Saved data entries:
■ ■ ■ ■

lemma graft_disjoint_root_both:
  assumes xL: "x \<in> L" and yL: "y \<in> L" and xy: "x \<noteq> y"
    and yb: "y \<notin> labels b" and xd: "x \<notin> labels d" and "rw_ok b" "rw_ok d"
  shows "graft_forest y d (graft x b (Node L cs)) = graft_forest x b (graft y d (Node L cs))"
proof -
  have xL': "x \<in> L - {y}" and yL': "y \<in> L - {x}" using xL yL xy by auto
  consider "\<not> red b" "\<not> red d" | "\<not> red b" "red d" | "red b" "\<not> red d" | "red b" "red d"
    by blast
  then show ?thesis
  proof cases
    case 1
    have "y \<notin> lbl b" using yb by (cases b) simp
    moreover have "x \<notin> lbl d" using xd by (cases d) simp
    ultimately have "((L - {x}) \<union> lbl b) - {y} \<union> lbl d = ((L - {y}) \<union> lbl d) - {x} \<union> lbl b"
      by blast
    moreover have "y \<in> (L - {x}) \<union> lbl b" "x \<in> (L - {y}) \<union> lbl d" using xL' yL' by blast+
    ultimately show ?thesis using 1 xL yL by (simp add: graft_white add.assoc add.commute)
  next
    case 2
    with xL yL xy yb \<open>rw_ok b\<close> show ?thesis by (intro graft_disjoint_root_white_red)
  next
    case 3
    with yL xL xy xd \<open>rw_ok d\<close> show ?thesis by (intro graft_disjoint_root_white_red[symmetric]) auto
  next
    case 4
    have "Node L cs \<noteq> Node {x} {#}" "Node L cs \<noteq> Node {y} {#}" using xL' yL' by auto
    moreover have "L - {x} - {y} = L - {y} - {x}" by blast
    ultimately show ?thesis
      using 4 xL yL xL' yL' by (simp add: graft_red_attach add.assoc add.commute)
  qed
qed
(* Let $(M,\eta,\xi,\phi,g)$ be a non-K-contact contact metric manifold satisfying the weak $(\kappa,\mu)$ condition $R(X,\xi)\xi=\kappa(X-\eta(X)\xi)+\mu hX$ for real constants $\kappa,\mu$ (so $\kappa<1$). Let $\tilde\phi=\frac{1}{\sqrt{1-\kappa}}h$ and $\tilde h=\frac12L_\xi\tilde\phi=\frac{1}{2\sqrt{1-\kappa}}L_\xi h$. Then $$\tilde h=\frac{1}{2\sqrt{1-\kappa}}\big((2-\mu)\phi h+2(1-\kappa)\phi\big),\qquad \tilde h^2=\Big((1-\kappa)-\big(1-\tfrac{\mu}{2}\big)^2\Big)\phi^2 .$$
   Context: A contact metric structure $(M,\eta,\xi,\phi,g)$ consists of a contact form $\eta$, its Reeb field $\xi$, a Riemannian metric $g$ and an endomorphism field $\phi$ with $\eta(\xi)=1$, $\phi^2=-\mathrm{Id}+\eta\otimes\xi$, $\phi\xi=0$, $d\eta=2g(\cdot,\phi\cdot)$. $h=\frac12L_\xi\phi$ ($L_\xi$ the Lie derivative along $\xi$); K-contact means $h=0$. $R(X,Y)=[\nabla_X,\nabla_Y]-\nabla_{[X,Y]}$ for the Levi-Civita connection of $g$. *)

theory Defs
  imports "HOL-Analysis.Analysis"
begin

text \<open>Local (coordinate) model of a Riemannian / contact metric manifold:
  an open set U of a finite-dimensional real Euclidean space 'a.
  Vector fields are maps 'a => 'a, (1,1)-tensor fields are maps p => (endomorphism of 'a),
  1-forms are maps p => ('a => real), the metric is p => bilinear form.\<close>

primrec Ck_on :: "nat \<Rightarrow> 'a::euclidean_space set \<Rightarrow> ('a \<Rightarrow> 'b::real_normed_vector) \<Rightarrow> bool" where
  "Ck_on 0 U f = continuous_on U f"
| "Ck_on (Suc k) U f = (f differentiable_on U \<and>
       (\<forall>v. Ck_on k U (\<lambda>p. frechet_derivative f (at p) v)))"

definition smooth_on :: "'a::euclidean_space set \<Rightarrow> ('a \<Rightarrow> 'b::real_normed_vector) \<Rightarrow> bool" where
  "smooth_on U f \<longleftrightarrow> (\<forall>k. Ck_on k U f)"

definition dir_deriv :: "('a::euclidean_space \<Rightarrow> 'a) \<Rightarrow> ('a \<Rightarrow> 'b::real_normed_vector) \<Rightarrow> 'a \<Rightarrow> 'b" where
  "dir_deriv X f p = frechet_derivative f (at p) (X p)"

definition lie_bracket :: "('a::euclidean_space \<Rightarrow> 'a) \<Rightarrow> ('a \<Rightarrow> 'a) \<Rightarrow> 'a \<Rightarrow> 'a" where
  "lie_bracket X Y p = dir_deriv X Y p - dir_deriv Y X p"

■ ■ ■ ■

In the entries above, find each line that includes the string "union" and copy it.

    ultimately have "((L - {x}) \<union> lbl b) - {y} \<union> lbl d = ((L - {y}) \<union> lbl d) - {x} \<union> lbl b"
    moreover have "y \<in> (L - {x}) \<union> lbl b" "x \<in> (L - {y}) \<union> lbl d" using xL' yL' by blast+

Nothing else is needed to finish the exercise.